Водитель снова помолчал, обдумывая, но недолго.
– Вот суки, – снова произнес он голосом Галича. Потом добавил: – Страну замучили. Хорошая страна ведь, а до чего довели. – Он так и не сказал, кто именно довел, но имена собственные здесь, сейчас были необязательны.
Мы ехали, молчали, вдоль улицы мелькали дома, то на одной стороне, то на другой светились витринами магазины. Я успевал читать крупные вывески – «Булочная», потом «Овощи-Фрукты», из стеклянной двери вышел мужчина с авоськой, я обернулся, хотел разглядеть, что внутри авоськи, но мы уже проехали.
– Ну и что ты собираешься делать? – спросил мужик.

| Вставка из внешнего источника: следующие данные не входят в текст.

lemma kernel_Diff:
  assumes "s \<in> S" "A \<in> sigma_L S T"
  shows "T n s (S - A) = T n s S - T n s A"
proof -
  have "S - A \<in> sigma_L S T" using assms(2) unfolding sigma_L_def by (rule sigma_sets.Compl)
  then have "(\<lambda>i. T n s (binaryset A (S - A) i)) sums T n s (\<Union>i. binaryset A (S - A) i)"
    using assms sigma_sets.Empty
    by (intro kernel_sums) (auto simp: disjoint_family_on_def binaryset_def sigma_L_def)
  moreover have "(\<lambda>i. T n s (binaryset A (S - A) i)) sums (T n s A + T n s (S - A))"
    using kernel_empty[OF assms(1)] by (rule binaryset_sums)
  moreover have "(\<Union>i. binaryset A (S - A) i) = S"
    using sigma_sets_into_sp[OF formula_sets_subset_Pow] assms(2)
    by (auto simp: UN_binaryset_eq sigma_L_def)
  ultimately show ?thesis using sums_unique2 by fastforce
qed

lemma rational_level_formula_in_sigma_L:
  assumes f: "wf_frm f"
  shows "{s \<in> S. of_rat r < T n s (sem S T f)} \<in> sigma_L S T"
proof (cases "0 \<le> r \<and> r \<le> 1")
  case True
  then have "{s \<in> S. of_rat r < T n s (sem S T f)} = sem S T (FDia n r f)" by simp
  then show ?thesis using True f formula_in_sigma_L[of "FDia n r f"] by simp
next
  case False
  then consider "of_rat r < (0::real)" | "(1::real) < of_rat r" by fastforce
  then have "{s \<in> S. of_rat r < T n s (sem S T f)} = S \<or> {s \<in> S. of_rat r < T n s (sem S T f)} = {}"
  proof cases
    case 1
    have "of_rat r < T n s (sem S T f)" if "s \<in> S" for s
      using 1 kernel_nonneg[OF that formula_in_sigma_L[OF f], of n] by linarith
    then show ?thesis by blast
  next
    case 2
    have "\<not> of_rat r < T n s (sem S T f)" if "s \<in> S" for s
      using 2 kernel_le_1[OF that formula_in_sigma_L[OF f], of n] by linarith
    then show ?thesis by blast
  qed
  then show ?thesis
    unfolding sigma_L_def by (elim disjE) (simp_all only: sigma_sets_top sigma_sets.Empty)
qed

Поразительно, как похожи голоса. Да и одутловатое, с крупными чертами лицо, да и усы. Но Галич был где-то далеко, за бугром, он не мог левачить на «Волге» по зимним, январским московским улицам. Сюр какой-то.
– Не знаю, – ответил я.
– А если просто не прийти на собрание?
– Так для того и вызывали, – качнул я головой. – Сказали, если не приду и не проголосую, самого вышибут.
– Вот суки, – повторил мужик, снял с головы шапку, вытер рукавом пот. Оказалось, что на голове у него залысина, неудачно прикрытая длинными темными волосами.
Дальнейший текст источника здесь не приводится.